Problem to work on: Set down the records again, keeping each line exactly as it is.
□ □ □ □
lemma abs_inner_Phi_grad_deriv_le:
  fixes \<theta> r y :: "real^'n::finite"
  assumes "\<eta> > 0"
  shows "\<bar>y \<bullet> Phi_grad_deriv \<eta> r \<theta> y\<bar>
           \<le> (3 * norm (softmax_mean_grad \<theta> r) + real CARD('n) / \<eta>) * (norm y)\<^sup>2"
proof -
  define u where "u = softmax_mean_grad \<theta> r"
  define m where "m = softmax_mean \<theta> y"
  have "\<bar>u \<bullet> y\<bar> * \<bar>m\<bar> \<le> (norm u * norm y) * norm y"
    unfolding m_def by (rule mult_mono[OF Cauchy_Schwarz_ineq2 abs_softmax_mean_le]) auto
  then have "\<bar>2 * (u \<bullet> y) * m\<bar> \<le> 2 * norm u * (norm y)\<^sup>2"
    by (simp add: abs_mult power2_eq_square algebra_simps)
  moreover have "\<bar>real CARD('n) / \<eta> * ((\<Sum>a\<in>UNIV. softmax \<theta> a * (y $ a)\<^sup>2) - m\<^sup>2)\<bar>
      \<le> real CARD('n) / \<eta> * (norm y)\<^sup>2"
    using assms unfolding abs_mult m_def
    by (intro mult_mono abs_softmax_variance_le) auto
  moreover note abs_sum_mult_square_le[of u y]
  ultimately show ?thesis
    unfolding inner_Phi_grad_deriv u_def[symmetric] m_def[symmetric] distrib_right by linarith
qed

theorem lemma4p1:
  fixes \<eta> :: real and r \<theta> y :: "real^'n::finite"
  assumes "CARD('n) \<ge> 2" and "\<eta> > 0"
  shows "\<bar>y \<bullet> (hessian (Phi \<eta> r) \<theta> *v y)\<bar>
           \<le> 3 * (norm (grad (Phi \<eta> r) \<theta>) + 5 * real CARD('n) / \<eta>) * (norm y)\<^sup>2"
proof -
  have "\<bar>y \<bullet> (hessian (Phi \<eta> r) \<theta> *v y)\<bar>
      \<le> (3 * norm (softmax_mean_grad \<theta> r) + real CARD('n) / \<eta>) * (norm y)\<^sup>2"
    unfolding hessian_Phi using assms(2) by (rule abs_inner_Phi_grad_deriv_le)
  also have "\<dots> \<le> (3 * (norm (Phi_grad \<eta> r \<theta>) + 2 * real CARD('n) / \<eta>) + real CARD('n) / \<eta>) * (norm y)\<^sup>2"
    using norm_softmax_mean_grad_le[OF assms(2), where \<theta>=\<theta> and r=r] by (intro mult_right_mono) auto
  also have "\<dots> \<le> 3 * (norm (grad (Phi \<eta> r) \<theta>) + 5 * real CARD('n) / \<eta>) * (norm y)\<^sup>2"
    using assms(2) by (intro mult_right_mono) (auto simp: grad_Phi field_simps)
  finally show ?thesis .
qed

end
□ □ □ □
Solution to this task:
lemma abs_inner_Phi_grad_deriv_le:
  fixes \<theta> r y :: "real^'n::finite"
  assumes "\<eta> > 0"
  shows "\<bar>y \<bullet> Phi_grad_deriv \<eta> r \<theta> y\<bar>
           \<le> (3 * norm (softmax_mean_grad \<theta> r) + real CARD('n) / \<eta>) * (norm y)\<^sup>2"
proof -
  define u where "u = softmax_mean_grad \<theta> r"
  define m where "m = softmax_mean \<theta> y"
  have "\<bar>u \<bullet> y\<bar> * \<bar>m\<bar> \<le> (norm u * norm y) * norm y"
    unfolding m_def by (rule mult_mono[OF Cauchy_Schwarz_ineq2 abs_softmax_mean_le]) auto
  then have "\<bar>2 * (u \<bullet> y) * m\<bar> \<le> 2 * norm u * (norm y)\<^sup>2"
    by (simp add: abs_mult power2_eq_square algebra_simps)
  moreover have "\<bar>real CARD('n) / \<eta> * ((\<Sum>a\<in>UNIV. softmax \<theta> a * (y $ a)\<^sup>2) - m\<^sup>2)\<bar>
      \<le> real CARD('n) / \<eta> * (norm y)\<^sup>2"
    using assms unfolding abs_mult m_def
    by (intro mult_mono abs_softmax_variance_le) auto
  moreover note abs_sum_mult_square_le[of u y]
  ultimately show ?thesis
    unfolding inner_Phi_grad_deriv u_def[symmetric] m_def[symmetric] distrib_right by linarith
qed

theorem lemma4p1:
  fixes \<eta> :: real and r \<theta> y :: "real^'n::finite"
  assumes "CARD('n) \<ge> 2" and "\<eta> > 0"
  shows "\<bar>y \<bullet> (hessian (Phi \<eta> r) \<theta> *v y)\<bar>
           \<le> 3 * (norm (grad (Phi \<eta> r) \<theta>) + 5 * real CARD('n) / \<eta>) * (norm y)\<^sup>2"
proof -
  have "\<bar>y \<bullet> (hessian (Phi \<eta> r) \<theta> *v y)\<bar>
      \<le> (3 * norm (softmax_mean_grad \<theta> r) + real CARD('n) / \<eta>) * (norm y)\<^sup>2"
    unfolding hessian_Phi using assms(2) by (rule abs_inner_Phi_grad_deriv_le)
  also have "\<dots> \<le> (3 * (norm (Phi_grad \<eta> r \<theta>) + 2 * real CARD('n) / \<eta>) + real CARD('n) / \<eta>) * (norm y)\<^sup>2"
    using norm_softmax_mean_grad_le[OF assms(2), where \<theta>=\<theta> and r=r] by (intro mult_right_mono) auto
  also have "\<dots> \<le> 3 * (norm (grad (Phi \<eta> r) \<theta>) + 5 * real CARD('n) / \<eta>) * (norm y)\<^sup>2"
    using assms(2) by (intro mult_right_mono) (auto simp: grad_Phi field_simps)
  finally show ?thesis .
qed

end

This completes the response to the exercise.